3.4 Klaagster heeft nooit gemeld dat de communicatie moeizaam verliep vanwege haar beperkte kennis van de Nederlandse taal. Zij heeft nooit om een tolk gevraagd of aangegeven iets niet te begrijpen.

3.5 Voor het overige wordt op het verweer hierna waar nodig ingegaan.

4 BEOORDELING

Ad klachtonderdeel a)

4.1 Gedragsregel 24 lid 1 bepaalt dat een advocaat verplicht is met zijn cliënt bij het begin van de zaak en verder telkens wanneer daartoe aanleiding bestaat, te overleggen of er termen zijn om te trachten door de overheid gefinancierde rechtshulp te verkrijgen, tenzij hij goede gronden heeft om aan te nemen dat zijn cliënt niet in aanmerking kan komen voor door de overheid gefinancierde rechtshulp.

4.2 Op grond van lid 3 van deze gedragsregel dient een advocaat, wanneer een cliënt mogelijk in aanmerking komt voor door de overheid gefinancierde rechtshulp en niettemin verkiest daarvan geen gebruik te maken, dat schriftelijk vast te leggen.

4.3 Uit de brief van 11 oktober 2013, zoals weergegeven onder 1.2, volgt dat verweerder schriftelijk heeft vastgelegd dat en waarom klaagster bij aanvang van de rechtsbijstand door verweerder heeft besloten af te zien van gefinancierde rechtsbijstand, alsmede dat een uurtarief is afgesproken.
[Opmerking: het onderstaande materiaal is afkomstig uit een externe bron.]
lemma partial_transpose_relabel:
  assumes "bij \<pi>" "bij \<sigma>"
  shows "partial_transpose (relabel \<pi> \<sigma> E) = relabel \<pi> \<sigma> (partial_transpose E)"
proof
  show "partial_transpose (relabel \<pi> \<sigma> E) \<subseteq> relabel \<pi> \<sigma> (partial_transpose E)"
  proof
    fix f assume "f \<in> partial_transpose (relabel \<pi> \<sigma> E)"
    then obtain i j k l where f: "f = {(k, j), (i, l)}"
      and "{(i, j), (k, l)} \<in> relabel \<pi> \<sigma> E"
      unfolding partial_transpose_def by blast
    then have "image (map_prod (inv \<pi>) (inv \<sigma>)) {(i, j), (k, l)} \<in> relabel (inv \<pi>) (inv \<sigma>) (relabel \<pi> \<sigma> E)"
      unfolding relabel_def by blast
    then have "{(inv \<pi> i, inv \<sigma> j), (inv \<pi> k, inv \<sigma> l)} \<in> E"
      by (simp add: relabel_inv[OF assms])
    then have "{(inv \<pi> k, inv \<sigma> j), (inv \<pi> i, inv \<sigma> l)} \<in> partial_transpose E"
      unfolding partial_transpose_def by blast
    moreover have "f = image (map_prod \<pi> \<sigma>) {(inv \<pi> k, inv \<sigma> j), (inv \<pi> i, inv \<sigma> l)}"
      using assms by (simp add: f bij_is_surj surj_f_inv_f)
    ultimately show "f \<in> relabel \<pi> \<sigma> (partial_transpose E)"
      unfolding relabel_def by blast
  qed
next
  show "relabel \<pi> \<sigma> (partial_transpose E) \<subseteq> partial_transpose (relabel \<pi> \<sigma> E)"
  proof
    fix f assume "f \<in> relabel \<pi> \<sigma> (partial_transpose E)"
    then obtain i j k l where ijkl: "{(i, j), (k, l)} \<in> E"
      and f: "f = image (map_prod \<pi> \<sigma>) {(k, j), (i, l)}"
      unfolding relabel_def partial_transpose_def by blast
    from ijkl have "image (map_prod \<pi> \<sigma>) {(i, j), (k, l)} \<in> relabel \<pi> \<sigma> E"
      unfolding relabel_def by blast
    then have "{(\<pi> i, \<sigma> j), (\<pi> k, \<sigma> l)} \<in> relabel \<pi> \<sigma> E"
      by simp
    moreover have "f = {(\<pi> k, \<sigma> j), (\<pi> i, \<sigma> l)}"
      by (simp add: f)
    ultimately show "f \<in> partial_transpose (relabel \<pi> \<sigma> E)"
      unfolding partial_transpose_def by blast
  qed
qed

lemma deg_relabel:
  assumes "inj \<pi>" "inj \<sigma>"
  shows "deg (relabel \<pi> \<sigma> E) (\<pi> i, \<sigma> j) = deg E (i, j)"
proof -
  have inj: "inj (image (map_prod \<pi> \<sigma>))"
    using assms by (rule inj_image_map_prod)
  have mem_iff: "(\<pi> i, \<sigma> j) \<in> image (map_prod \<pi> \<sigma>) e \<longleftrightarrow> (i, j) \<in> e" for e
    using assms by (auto simp: inj_eq)
  have "{f \<in> relabel \<pi> \<sigma> E. (\<pi> i, \<sigma> j) \<in> f} = image (map_prod \<pi> \<sigma>) ` {e \<in> E. (i, j) \<in> e}"
    unfolding relabel_def mem_iff[symmetric] by (rule Compr_image_eq)
  then show ?thesis
    unfolding deg_def using inj by (simp add: card_image inj_on_subset)
qed

lemma degree_criterion_relabel:
  assumes "\<pi> permutes {1..a}" "\<sigma> permutes {1..b}"
  shows "degree_criterion a b (relabel \<pi> \<sigma> E) \<longleftrightarrow> degree_criterion a b E"
proof -
  have bij: "bij \<pi>" "bij \<sigma>" and inj: "inj \<pi>" "inj \<sigma>"
    using assms by (simp_all add: permutes_bij permutes_inj)
  have grid: "grid a b = map_prod \<pi> \<sigma> ` grid a b"
    using assms by (simp add: grid_def map_prod_surj_on permutes_image)
  have ball_grid: "(\<forall>v \<in> grid a b. P v) \<longleftrightarrow> (\<forall>(i, j) \<in> grid a b. P (\<pi> i, \<sigma> j))" for P
    by (subst (1) grid) blast
  have "degree_criterion a b (relabel \<pi> \<sigma> E) \<longleftrightarrow>
        (\<forall>(i, j) \<in> grid a b. deg (relabel \<pi> \<sigma> E) (\<pi> i, \<sigma> j) =
                              deg (relabel \<pi> \<sigma> (partial_transpose E)) (\<pi> i, \<sigma> j))"
    unfolding degree_criterion_def partial_transpose_relabel[OF bij] by (rule ball_grid)
  also have "\<dots> \<longleftrightarrow> degree_criterion a b E"
    unfolding degree_criterion_def deg_relabel[OF inj] by (simp add: case_prod_unfold)
  finally show ?thesis .
qed

section \<open>Diagonal edges as quadruples\<close>

type_synonym quad = "nat \<times> nat \<times> nat \<times> nat"

fun edge :: "quad \<Rightarrow> vtx set" where
  "edge (i, j, k, l) = {(i, j), (k, l)}"

fun transpose_quad :: "quad \<Rightarrow> quad" where
  "transpose_quad (i, j, k, l) = (i, l, k, j)"

definition diag_quads :: "nat \<Rightarrow> nat \<Rightarrow> quad list" where
  "diag_quads a b = filter (\<lambda>(i, j, k, l). i < k \<and> j \<noteq> l)
     (List.product [1..<a+1] (List.product [1..<b+1] (List.product [1..<a+1] [1..<b+1])))"

lemma mem_diag_quads:
  "(i, j, k, l) \<in> set (diag_quads a b) \<longleftrightarrow>
     (i, j) \<in> grid a b \<and> (k, l) \<in> grid a b \<and> i < k \<and> j \<noteq> l"
  by (auto simp: diag_quads_def grid_def)

lemma partial_transpose_edge_image:
  "finite T \<Longrightarrow> partial_transpose (edge ` T) = edge ` transpose_quad ` T"
proof (induction rule: finite_induct)
  case (insert q T)
  then show ?case by (cases q) (simp add: insert_commute)
qed simp

lemma inj_on_edge_diag_quads: "inj_on edge (set (diag_quads a b))"
proof (rule inj_onI)
  fix q q' assume "q \<in> set (diag_quads a b)" "q' \<in> set (diag_quads a b)" "edge q = edge q'"
  then show "q = q'"
    by (cases q rule: prod_cases4; cases q' rule: prod_cases4) (auto simp: mem_diag_quads doubleton_eq_iff)
qed

lemma transpose_quad_diag_quads:
  "q \<in> set (diag_quads a b) \<Longrightarrow> transpose_quad q \<in> set (diag_quads a b)"
  by (cases q) (auto simp: mem_diag_quads grid_def)

lemma transpose_quad_neq: "q \<in> set (diag_quads a b) \<Longrightarrow> transpose_quad q \<noteq> q"
  by (cases q) (auto simp: mem_diag_quads)

lemma transpose_quad_transpose_quad [simp]: "transpose_quad (transpose_quad q) = q"
  by (cases q) simp

lemma diagonal_edges_subset:
  assumes "grid_graph a b E" "\<forall>e \<in> E. diagonal e"
  shows "E \<subseteq> edge ` set (diag_quads a b)"
proof
  fix e assume "e \<in> E"
  with assms(2) have "diagonal e" by blast
  then obtain i j k l where e: "e = {(i, j), (k, l)}" "i \<noteq> k" "j \<noteq> l"
    unfolding diagonal_def by (elim exE conjE) (rule that)
  obtain u v where "{(i, j), (k, l)} = {u, v}" "u \<in> grid a b" "v \<in> grid a b"
    using assms(1) \<open>e \<in> E\<close> unfolding grid_graph_def e by blast
  then have ij: "(i, j) \<in> grid a b" and kl: "(k, l) \<in> grid a b"
    by (auto simp: doubleton_eq_iff)
  show "e \<in> edge ` set (diag_quads a b)"
  proof (cases "i < k")
    case True
    with ij kl e have "(i, j, k, l) \<in> set (diag_quads a b)"
      by (simp add: mem_diag_quads)
    with e show ?thesis by force
  next
    case False
    with ij kl e have "(k, l, i, j) \<in> set (diag_quads a b)"
      by (simp add: mem_diag_quads)
    moreover have "e = edge (k, l, i, j)"
      by (simp add: e insert_commute)
    ultimately show ?thesis by blast
  qed
qed

lemma deg_edge_image:
  assumes "inj_on edge T"
  shows "deg (edge ` T) v = card {q \<in> T. v \<in> edge q}"
  unfolding deg_def Compr_image_eq using assms by (simp add: card_image inj_on_subset)

lemma deg_partial_transpose_edge_image:
  assumes "T \<subseteq> set (diag_quads a b)"
  shows "deg (partial_transpose (edge ` T)) v = card {q \<in> T. v \<in> edge (transpose_quad q)}"
proof -
  have "transpose_quad ` T \<subseteq> set (diag_quads a b)"
    using assms transpose_quad_diag_quads by blast
  then have "deg (edge ` transpose_quad ` T) v = card {q \<in> transpose_quad ` T. v \<in> edge q}"
    by (intro deg_edge_image inj_on_subset[OF inj_on_edge_diag_quads])
  also have "\<dots> = card {q \<in> T. v \<in> edge (transpose_quad q)}"
    unfolding Compr_image_eq by (rule card_image, rule inj_on_inverseI[where g = transpose_quad]) simp
  finally show ?thesis
    using finite_subset[OF assms finite_set] by (simp add: partial_transpose_edge_image)
qed

fun base9 :: "int list \<Rightarrow> int" where
  "base9 [] = 0"
| "base9 (c # cs) = c + 9 * base9 cs"

lemma base9_eq_0_iff:
  "\<forall>c \<in> set cs. \<bar>c\<bar> \<le> 4 \<Longrightarrow> base9 cs = 0 \<longleftrightarrow> (\<forall>c \<in> set cs. c = 0)"
proof (induction cs)
  case (Cons c cs)
  have "base9 (c # cs) = 0 \<longleftrightarrow> c = 0 \<and> base9 cs = 0"
  proof
    assume "base9 (c # cs) = 0"
    then have "c = - 9 * base9 cs" by simp
    moreover have "\<bar>c\<bar> \<le> 4" using Cons.prems by simp
    ultimately have "base9 cs = 0" by linarith
    with \<open>c = - 9 * base9 cs\<close> show "c = 0 \<and> base9 cs = 0" by simp
  qed simp
  with Cons show ?case by simp
qed simp

lemma base9_sum_list:
  "base9 (map (\<lambda>v. \<Sum>q\<leftarrow>ys. f v q) vs) = (\<Sum>q\<leftarrow>ys. base9 (map (\<lambda>v. f v q) vs))"
  by (induction vs) (simp_all add: sum_list_addf sum_list_const_mult)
Derhalve heeft verweerder gehandeld overeenkomstig het bepaalde in gedragsregel 24.

4.4 Gelet op het bovenstaande is dit klachtonderdeel kennelijk ongegrond.

Ad klachtonderdeel b)

4.5 Verweerder heeft gemotiveerd betwist dat hij klaagster ten tijde van de comparitie van partijen onvoldoende heeft geïnformeerd en dat hij haar onder druk heeft gezet. Hiertoe heeft hij onder meer een brief van de advocaat van de wederpartij, zoals weergegeven onder 1.4, overgelegd.

4.6 Klaagster heeft haar klacht daarop niet, althans onvoldoende nader onderbouwd. Derhalve kan niet worden vastgesteld dat verweerder jegens haar tuchtrechtelijk verwijtbaar heeft gehandeld.

4.7 Dat klaagster de Nederlandse taal onvoldoende machtig is en dat verweerder daarvan misbruik heeft gemaakt, is uit de stukken evenmin gebleken.

4.8 De klacht is kennelijk ongegrond.

BESLISSING

De voorzitter verklaart de klacht, met toepassing van artikel 46j lid 1 onder c Advocatenwet, kennelijk ongegrond.

Aldus beslist door mr. M.F. Baaij, voorzitter, met bijstand van mr. N.M. van Trijp als griffier op 1 juni 2016.